NEW 📗Story: School Photo

Face to Face with Immortality

Friday, Jan 31, 2020

Tzipora had never been taller than anyone in Vekllei at a meagre 5’2, but she was taller than Shizuku Kobayashi. Like Tzipora, Shizuku had not physically aged a day since she was a child.

It was summer, and six days after Tzipora had arrived in Japan as a Gregori ambassador from Vekllei. Although she would not be the oldest victim of Gregori-Heitzfeld syndrome until Quentin Cook’s (USA) infamous murder-suicide ten years later, she was one of the so-called “First Thirteen” publicised patients, and so was somewhat known to the international community. By the time of their meeting in 2071, there had been an estimated 250 Gregori baby births, and around 130 living across the world. Kobayashi was the 122nd ageless child, and Japan’s first.
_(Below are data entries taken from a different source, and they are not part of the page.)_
(* Let $(X,d)$ be a metric space with betweenness exponent $t_0=t_0(d)$, and let $W\subseteq X$. Then for every $\varepsilon>0$, $$\mathcal M^*_{2^{1/t_0}\varepsilon}(W)\le \hat{\mathcal N}^X_\varepsilon(W)\le \hat{\mathcal N}_\varepsilon(W)\le \hat{\mathcal M}_\varepsilon(W)\le \mathcal M^*_\varepsilon(W).$$
   Context: Closed balls: $B(c,r)=\{x\in X:d(x,c)\le r\}$. A set $C\subseteq X$ is an $\varepsilon$-net for $W\subseteq X$ if $W\subseteq\bigcup_{c\in C}B(c,\varepsilon)$. A set $A\subseteq X$ is $\varepsilon$-distinguishable if $d(x,y)>\varepsilon$ for all distinct $x,y\in A$. For $W,A\subseteq X$: $\hat{\mathcal N}^A_\varepsilon(W)$ is the minimal cardinality of an $\varepsilon$-net $C$ for $W$ with $C\subseteq A$, and $\hat{\mathcal N}_\varepsilon(W):=\hat{\mathcal N}^W_\varepsilon(W)$. A set $A$ is maximal $\varepsilon$-distinguishable with respect to $W$ if $A\subseteq W$ is $\varepsilon$-distinguishable and no $\varepsilon$-distinguishable $B\subseteq W$ strictly contains $A$. $\hat{\mathcal M}_\varepsilon(W)$ is the smallest cardinality of a maximal $\varepsilon$-distinguishable set with respect to $W$. $\mathcal M^*_\varepsilon(W)$ is the smallest cardinal number that is $\ge \operatorname{card}(A)$ for every $\varepsilon$-distinguishable $A\subseteq W$. The betweenness exponent $t_0(d)\in[1,\infty]$ is the supremum of all $t>0$ for which $(x,y)\mapsto(d(x,y))^t$ is a metric on $X$; $t_0(d)=\infty$ iff $d$ is an ultrametric. Convention: $2^{1/\infty}=1$. *)

theory Defs
  imports "HOL-Analysis.Analysis"
begin

text \<open>The metric space (X,d) is the type 'a with its metric dist; X = UNIV.
Cardinal numbers are represented by card_of of sets (well-orders), compared by ordLeq.\<close>

definition is_metric_fun :: "('a \<Rightarrow> 'a \<Rightarrow> real) \<Rightarrow> bool" where
  "is_metric_fun d \<longleftrightarrow> (\<forall>x y. 0 \<le> d x y) \<and> (\<forall>x y. d x y = 0 \<longleftrightarrow> x = y)
     \<and> (\<forall>x y. d x y = d y x) \<and> (\<forall>x y z. d x z \<le> d x y + d y z)"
Tzipora met Kobayashi in the Ozake Ryokan outside Kamigōri, Kobayashi’s birthplace and home. It was not far from Aioi. Tzipora was 24 at the time, and Shizuku was 18, and still in school. Poor Zelda was so nervous about meeting another Gregori baby that she became overwhelmed by Japanese manners. So it was that Shizuku’s first introduction to Tzipora was via a clonk on the head.

Shizuku was sweet and even-tempered, and they talked for nearly five hours before she was retrieved by her mother in the late evening. She spoke okay English, because she’d dropped out of school for a year to pursue acting with an American film company based in Yokohama that operated through the NGHQ. Acting was a common profession for Gregori babies — it seemed that the miracle children of the world were quickly relegated to freaks of entertainment. Tzipora did not have the stomach for it, but she knew of several others around the world who made good money playing children in film.

Tzipora excitedly relayed the awkwardness of life in Vekllei as an unageing child, from her problems at university to her dreams of the future. She had no metric for how it might differ in Japanese society, because in many ways she was still fourteen — the problems of a young teen-age girl seemed universal, even then.

“No one takes you seriously at first,” Tzipora said, but she acknowledged that once people got to know her she’d had no problem being treated with respect.

“I suppose,” replied Shizuku.

Tzipora could not help but notice that Shizuku looked different from her Japanese peers. It was only later that she would learn that Shizuku’s father was a GI from Okinawa, shamefully rendering her eternally “hafu” despite the miracle of her existence. She could sympathise, in her own privileged way — Tzipora, too, was a girl of many ethnicities and cultures. But even with her television understanding of the land of the rising sun, Tzipora grasped that things might be more difficult here, where old-world memory collided with new-world growth.

Tzipora quieted her obnoxious enthusiasm and asked Shizuku what pictures she was in. Shizuku said she wasn’t in pictures, just television, and Tzipora wouldn’t have seen them anyway. Tzipora asked what she wanted to do. She said she didn’t know. As for Tzipora?

“I want to work in a library,” Tzipora said. “I love stories, and I like the idea of being in charge of the books.”

“I love stories too,” Shizuku said. “I’d like to write them, really. But we’ll have to see. It’s difficult…”

She trailed off, perhaps lost in her foreign vocabulary. She didn’t have to finish the point. It was difficult: it was difficult to make money, it was difficult to find love, and it was difficult to picture a future where the only constant was yourself. It was no wonder that Gregori children, whose personalities were often developed by the projections of those around them, ended up killing themselves when the uselessness and meaninglessness of their existence revealed itself.

Although Shizuku’s mother received money from the estranged father, and Shizuku herself had made good money through acting, a fugue settled on Tzipora in the days after their meeting. Previously she had not considered herself a “Gregori baby;” she had considered herself merely “Tzipora”. In Vekllei, that was an identity she could afford. But despite Shizuku’s outward satisfaction with her present state of affairs, Tzipora couldn’t help but feel ill thinking about the anxious, isolating existence that almost certainly awaited any girl whose childhood stretched into the decades. All at once it seemed very unfair in its quiet cruelty — the hafu girl who would never grow up to be a beautiful actress.

Although she’d kept in contact with Shizuku Kobayashi, Tzipora would not visit another Gregori baby for many decades.